Search the records below for the string "blast" and copy each line where it turns up.

*** Records for the exercise ***

lemma h_fun_bounds:
  assumes "0 < x" "0 \<le> v"
  shows "0 < h_fun x v" "h_fun x v < 2 * pi" "f_fun v (h_fun x v) \<le> x"
proof -
  define c where "c = v + sqrt v + 1"
  have "0 < c" using assms by (simp add: c_def add_nonneg_pos)
  have "0 < h_fun x v \<and> h_fun x v < 2 * pi \<and> f_fun v (h_fun x v) \<le> x"
  proof (cases "x \<le> pi ^ 3 / 12 * c")
    case True
    define h where "h = 12 * x / (pi\<^sup>2 * c)"
    have "h_fun x v = h" using True by (simp add: h_fun_def h_def c_def)
    moreover have "0 < h" "h \<le> pi"
      using True \<open>0 < c\<close> assms by (auto simp: h_def field_simps power2_eq_square power3_eq_cube)
    moreover have "c * (pi\<^sup>2 * h / 12) = x"
      using \<open>0 < c\<close> by (simp add: h_def field_simps)
    ultimately show ?thesis using f_fun_le_small[of v h] assms pi_gt_zero by (simp add: c_def)
  next
    case False
    define r where "r = root 5 (pi ^ 8 * c / (12 * x))"
    have "h_fun x v = 2 * pi - r" using False by (simp add: h_fun_def r_def c_def)
    moreover have r5: "r ^ 5 = pi ^ 8 * c / (12 * x)" using \<open>0 < c\<close> assms by (simp add: r_def)
    moreover have r0: "0 < r" using \<open>0 < c\<close> assms by (simp add: r_def)
    moreover have "r < pi"
    proof (rule power_less_imp_less_base[of _ 5])
      have "pi ^ 8 * c = pi ^ 5 * (pi ^ 3 * c)" by (simp add: eval_nat_numeral)
      also have "\<dots> < pi ^ 5 * (12 * x)" using False by (intro mult_strict_left_mono) auto
      finally show "r ^ 5 < pi ^ 5" using r5 assms by (simp add: divide_less_eq mult.commute)
    qed simp
    moreover have "c * (pi ^ 8 / (12 * r ^ 5)) = x"
      using r5 r0 \<open>0 < c\<close> assms by (simp add: field_simps)
    ultimately show ?thesis using f_fun_le_large[of v r] assms by (simp add: c_def)
  qed
  then show "0 < h_fun x v" "h_fun x v < 2 * pi" "f_fun v (h_fun x v) \<le> x" by auto
qed

theorem lemma2p4:
  fixes x v :: real
  assumes "x > 0" and "v \<ge> 0"
  shows "delta_fun x v \<ge> h_fun x v"
  using delta_fun_ge h_fun_bounds[OF assms] assms(2) by blast

end
(* Near 0, d\<beta> s \<ge> k s powr (a - 1) makes g' r of order \<gamma> r: this is what the choice lam = a + 1 buys. *)
lemma g'_bounded: "\<exists>B. \<forall>r. 0 < r \<and> r \<le> M \<longrightarrow> g' r \<le> B"
proof -
  define G where "G s = lam * s powr (lam - 1) / d\<beta> s" for s
  define S where "S = max (\<gamma> M) \<delta>"
  have G_cont: "continuous_on {\<delta>..S} G"
  proof -
    have "continuous_on {\<delta>..S} d\<beta>"
      by (rule continuous_on_subset[OF deriv_cont]) (use constants in auto)
    then show ?thesis
      unfolding G_def using constants deriv_pos by (intro continuous_intros) (auto simp: less_imp_neq[symmetric])
  qed
  then obtain B where B: "\<And>s. s \<in> {\<delta>..S} \<Longrightarrow> G s \<le> B"
    using continuous_attains_sup[OF compact_Icc _ G_cont] by (force simp: S_def)
  have "g' r \<le> max (lam / k) B" if r: "0 < r" "r \<le> M" for r
  proof -
    define s where "s = \<gamma> r"
    have "0 < s" unfolding s_def using Kinf_pos[OF \<gamma>_Kinf r(1)] .
    show ?thesis
    proof (cases "s \<le> \<delta>")
      case True
      have "g' r \<le> lam * s powr (lam - 1) / (k * s powr (a - 1))"
        unfolding g'_def s_def[symmetric]
        using deriv_lower[OF \<open>0 < s\<close> True] deriv_pos[OF \<open>0 < s\<close>] constants \<open>0 < s\<close> lam_ge_1
        by (intro divide_left_mono) auto
      also have "\<dots> = lam / k * s powr ((lam - 1) - (a - 1))"
        using \<open>0 < s\<close> by (simp add: powr_diff)
      also have "\<dots> = lam / k * s"
        using \<open>0 < s\<close> by (simp add: lam_def)
      also have "\<dots> \<le> lam / k"
        using True constants lam_ge_1 by (intro mult_left_le) auto
      finally show ?thesis by simp
    next
      case False
      moreover have "s \<le> S" unfolding s_def S_def using Kinf_mono[OF \<gamma>_Kinf, of r M] r by auto
      ultimately have "G s \<le> B" using B by auto
      then show ?thesis unfolding g'_def G_def s_def by simp
    qed
  qed
  then show ?thesis by blast
qed

lemma g_lipschitz: "\<exists>L. L-lipschitz_on {0..M} g"
proof (cases "0 < M")
  case True
  obtain B where B: "\<And>r. 0 < r \<Longrightarrow> r \<le> M \<Longrightarrow> g' r \<le> B" using g'_bounded by blast
  have "B-lipschitz_on {0..M} g"
  proof (rule lipschitz_on_Icc_deriv_bound[OF True _ g_has_deriv])
    show "continuous_on {0..M} g"
      using g_Kinf unfolding Kinf_def by (auto intro: continuous_on_subset)
    show "\<bar>g' r\<bar> \<le> B" if "0 < r" "r < M" for r using B[of r] g'_pos[of r] that by simp
  qed
  then show ?thesis by blast
next
  case False
  then have "{0..M} \<subseteq> {0}" by auto
  then show ?thesis by (meson lipschitz_on_singleton lipschitz_on_subset order_refl)
qed

lemma g'_mult_lower_bound_le_1:
  assumes "0 < r" "\<gamma> r \<le> 1" "0 < c" "0 < p" "c * r powr p \<le> \<Psi>r"
  shows "lam * c * k powr p / (2 * A) * \<gamma> r powr (lam + a * (p - 1)) \<le> g' r * \<Psi>r"
proof -
  define s where "s = \<gamma> r"
  have "0 < s" unfolding s_def using Kinf_pos[OF \<gamma>_Kinf \<open>0 < r\<close>] .
  have "s powr (b - 1) \<le> s powr (a - 1)"
    using assms(2) \<open>0 < s\<close> exponents unfolding s_def by (intro powr_mono') auto
  then have "A * s powr (b - 1) \<le> A * s powr (a - 1)" using constants by (intro mult_left_mono) auto
  then have "d\<beta> s \<le> 2 * A * s powr (a - 1)"
    using deriv_upper[OF \<open>0 < s\<close>] by (simp add: distrib_left mult.assoc)
  moreover have "k * s powr a \<le> r"
    using lower_le_1[OF \<open>0 < s\<close>] assms(1,2) \<beta>_\<gamma> unfolding s_def by simp
  ultimately show ?thesis
    unfolding g'_def s_def[symmetric] using assms constants lam_ge_1 \<open>0 < s\<close> deriv_pos[OF \<open>0 < s\<close>]
    by (intro power_gain_lower_bound) auto
qed

lemma g'_mult_lower_bound_ge_1:
  assumes "0 < r" "1 \<le> \<gamma> r" "0 < c" "0 < p" "c * r powr p \<le> \<Psi>r"
  shows "lam * c * k powr p / (2 * A) * \<gamma> r powr (lam + b * (p - 1)) \<le> g' r * \<Psi>r"
proof -
  define s where "s = \<gamma> r"
  have "0 < s" unfolding s_def using Kinf_pos[OF \<gamma>_Kinf \<open>0 < r\<close>] .
  have "s powr (a - 1) \<le> s powr (b - 1)"
    using assms(2) \<open>0 < s\<close> exponents unfolding s_def by (intro powr_mono) auto
  then have "A * s powr (a - 1) \<le> A * s powr (b - 1)" using constants by (intro mult_left_mono) auto
  then have "d\<beta> s \<le> 2 * A * s powr (b - 1)"
    using deriv_upper[OF \<open>0 < s\<close>] by (simp add: distrib_left mult.assoc)
  moreover have "k * s powr b \<le> r"
    using lower_ge_1[OF assms(2)] \<beta>_\<gamma>[of r] assms(1) unfolding s_def by simp
  ultimately show ?thesis
    unfolding g'_def s_def[symmetric] using assms constants lam_ge_1 \<open>0 < s\<close> deriv_pos[OF \<open>0 < s\<close>]
    by (intro power_gain_lower_bound) auto
qed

*** End of Records for the exercise ***

● **Solution to this task**:
  using delta_fun_ge h_fun_bounds[OF assms] assms(2) by blast
  then show ?thesis by blast
  obtain B where B: "\<And>r. 0 < r \<Longrightarrow> r \<le> M \<Longrightarrow> g' r \<le> B" using g'_bounded by blast
  then show ?thesis by blast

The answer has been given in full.